In Craftsmanship, Portfolio Construction, Risk & Style Premia, Risk Management, Weekly Commentary

This post is available as a PDF download here.

Summary

  • A long/flat tactical equity strategy with a portable beta bond overlay – a tactical 90/60 portfolio – has many moving parts that can make attribution and analysis difficult.
  • By decomposing the strategy into its passive holdings (a 50/50 stock/bond portfolio and U.S. Treasury futures) and active long/short overlays (trend equity, bond carry, bond momentum, and bond value), we can explore the historical performance of each component and diversification benefits across each piece of the strategy.
  • Using a mean-variance framework, we are also able to construct an efficient frontier of the strategy components and assess the differences between the optimal portfolio and the tactical 90/60.
  • We find that the tactical 90/60 is relatively close to the optimal portfolio for its volatility level and that its drawdown risk profile is close to that of an unlevered 60/40 portfolio.
  • By utilizing a modest amount of leverage and pairing it will risk management in both equities and bonds, investors may be able to pursue capital efficiency and maximize portfolio returns while simultaneously managing risk.

Portable beta strategies seek to enhance returns by overlaying an existing portfolio strategy with complementary exposure to diversifying asset classes and strategies.

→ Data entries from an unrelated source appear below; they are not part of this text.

lemma card_le_rank_if_rows_indep:
  fixes D :: "'a::field^'n::finite^'m::finite" and P :: "'m set"
  assumes indep: "\<And>f. (\<Sum>\<rho>\<in>P. f \<rho> *s row \<rho> D) = 0 \<Longrightarrow> \<forall>\<rho>\<in>P. f \<rho> = 0"
  shows "card P \<le> rank D"
proof -
  have inj: "inj_on (\<lambda>\<rho>. row \<rho> D) P"
  proof (rule inj_onI, rule ccontr)
    fix \<rho>1 \<rho>2 assume "\<rho>1 \<in> P" "\<rho>2 \<in> P" "row \<rho>1 D = row \<rho>2 D" "\<rho>1 \<noteq> \<rho>2"
    define f where "f \<rho> = (if \<rho> = \<rho>1 then 1 else if \<rho> = \<rho>2 then -1 else (0::'a))" for \<rho>
    have "(\<Sum>\<rho>\<in>P. f \<rho> *s row \<rho> D)
        = (\<Sum>\<rho>\<in>P. (if \<rho> = \<rho>1 then row \<rho> D else 0) - (if \<rho> = \<rho>2 then row \<rho> D else 0))"
      by (rule sum.cong) (use \<open>\<rho>1 \<noteq> \<rho>2\<close> in \<open>auto simp: f_def\<close>)
    also have "\<dots> = 0"
      using \<open>\<rho>1 \<in> P\<close> \<open>\<rho>2 \<in> P\<close> \<open>row \<rho>1 D = row \<rho>2 D\<close> by (simp add: sum_subtractf)
    finally have "f \<rho>1 = 0" using indep \<open>\<rho>1 \<in> P\<close> by blast
    then show False by (simp add: f_def)
  qed
  have "vec.independent ((\<lambda>\<rho>. row \<rho> D) ` P)"
  proof (rule vec.independent_if_scalars_zero)
    fix f x assume sum: "(\<Sum>x\<in>(\<lambda>\<rho>. row \<rho> D) ` P. f x *s x) = 0" and "x \<in> (\<lambda>\<rho>. row \<rho> D) ` P"
    have "(\<Sum>\<rho>\<in>P. f (row \<rho> D) *s row \<rho> D) = 0"
      using sum by (simp add: sum.reindex[OF inj])
    then show "f x = 0" using indep[of "\<lambda>\<rho>. f (row \<rho> D)"] \<open>x \<in> _\<close> by blast
  qed simp
  moreover have "(\<lambda>\<rho>. row \<rho> D) ` P \<subseteq> rows D" by (auto simp: rows_def)
  ultimately have "card ((\<lambda>\<rho>. row \<rho> D) ` P) \<le> rank D"
    unfolding row_rank_def_gen by (intro vec.independent_card_le_dim)
  then show ?thesis using card_image[OF inj] by simp
qed

definition nat_matrix :: "('m \<Rightarrow> nat) \<Rightarrow> ('n \<Rightarrow> nat) \<Rightarrow> (nat \<Rightarrow> nat \<Rightarrow> 'a) \<Rightarrow> 'a^'n^'m" where
  "nat_matrix em en G = (\<chi> \<rho> \<kappa>. G (em \<rho>) (en \<kappa>))"

lemma nat_matrix_diff:
  "nat_matrix em en G - nat_matrix em en G' = nat_matrix em en (\<lambda>u v. G u v - G' u v)"
  by (simp add: nat_matrix_def vec_eq_iff)

lemma rank_nat_matrix_le:
  fixes em :: "'m::finite \<Rightarrow> nat" and en :: "'n::finite \<Rightarrow> nat" and G :: "nat \<Rightarrow> nat \<Rightarrow> 'a::field"
  assumes em: "bij_betw em UNIV {..<m}" and "\<tau> \<le> m"
    and comb: "\<And>u. \<exists>c. \<forall>v. G u v = (\<Sum>i<\<tau>. c i * G i v)"
  shows "rank (nat_matrix em en G) \<le> \<tau>"
proof (rule rank_le_if_rows_in_span)
  define emi where "emi = inv_into UNIV em"
  have em_emi: "em (emi i) = i" if "i < m" for i
    using bij_betw_inv_into_right[OF em] that by (simp add: emi_def)
  define R where "R = (\<lambda>i. row (emi i) (nat_matrix em en G)) ` {..<\<tau>}"
  show "finite R" "card R \<le> \<tau>"
    unfolding R_def using card_image_le[of "{..<\<tau>}"] by auto
  show "rows (nat_matrix em en G) \<subseteq> vec.span R"
  proof
    fix x assume "x \<in> rows (nat_matrix em en G)"
    then obtain \<rho> where x: "x = row \<rho> (nat_matrix em en G)" by (auto simp: rows_def)
    obtain c where c: "\<forall>v. G (em \<rho>) v = (\<Sum>i<\<tau>. c i * G i v)" using comb by blast
    have "x = (\<Sum>i<\<tau>. c i *s row (emi i) (nat_matrix em en G))"
      unfolding vec_eq_iff
    proof
      fix \<kappa>
      have "(\<Sum>i<\<tau>. c i *s row (emi i) (nat_matrix em en G)) $ \<kappa> = (\<Sum>i<\<tau>. c i * G i (en \<kappa>))"
        unfolding sum_component using \<open>\<tau> \<le> m\<close>
        by (intro sum.cong) (auto simp: row_def nat_matrix_def em_emi)
      then show "x $ \<kappa> = (\<Sum>i<\<tau>. c i *s row (emi i) (nat_matrix em en G)) $ \<kappa>"
        using c by (simp add: x row_def nat_matrix_def)
    qed
    also have "\<dots> \<in> vec.span R"
      by (intro vec.span_sum vec.span_scale vec.span_base) (auto simp: R_def)
    finally show "x \<in> vec.span R" .
  qed
qed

In overlaying exposure on an existing portfolio strategy, portable beta strategies seek to make every invested dollar work harder. This idea can create “capital efficiency” for investors, freeing up dollars in an investor’s portfolio to invest in other asset classes or investment opportunities.

At Newfound, we focus on managing risk. Trend following – or absolute momentum – is a key approach we employ do this, especially in equities. Trend equity strategies are a class of strategies that aim to harvest the long-term benefits of the equity risk premium while managing downside risk through the application of trend following.

We wrote previously how a trend equity strategy can be decomposed into passive and active components in order to isolate different contributors to performance. There is more than one way to do this, but in the most symmetric formulation, a “long/flat” trend equity strategy (one that that either holds equities or cash; i.e. does not short equities) can be thought of as a 100% passive allocation to a 50/50 portfolio of stocks and cash plus a 50% overlay allocation to a long/short trend equity strategy that can move between fully short and fully long equities. This overlay component is portable beta.

We have also written previously about how a portable beta overlay of bonds can be beneficial to trend equity strategies – or even passive equity investments, for that matter. For example, 95% of a portfolio could be invested in a trend equity strategy, and the remaining 5% could be set aside as collateral to initiate a 60% overlay to 10-year U.S. Treasury futures. This approximates a 60/40 portfolio that is leveraged by 50%

Source: Newfound. Allocations are hypothetical and for illustrative purposes only.

Since this bond investment introduces interest rate risk, we have proposed ways to manage risk in this specific sleeve using factors such as value, carry, and momentum. By treating these factors as fully tactical long/short portfolios themselves, if we hold them in equal weight, we can also break down the tactical U.S. Treasury futures overlay into active and passive components, with a 30% passive position in U.S. Treasury futures and 10% in each of the factor-based strategies.

Source: Newfound. Allocations are hypothetical and for illustrative purposes only.

When each overlay is fully invested, the portfolio will hold 95% stocks, 5% cash, and 60% U.S. Treasury futures. When all the overlays are fully short, the strategy will be fully invested in cash with no bond overlay position.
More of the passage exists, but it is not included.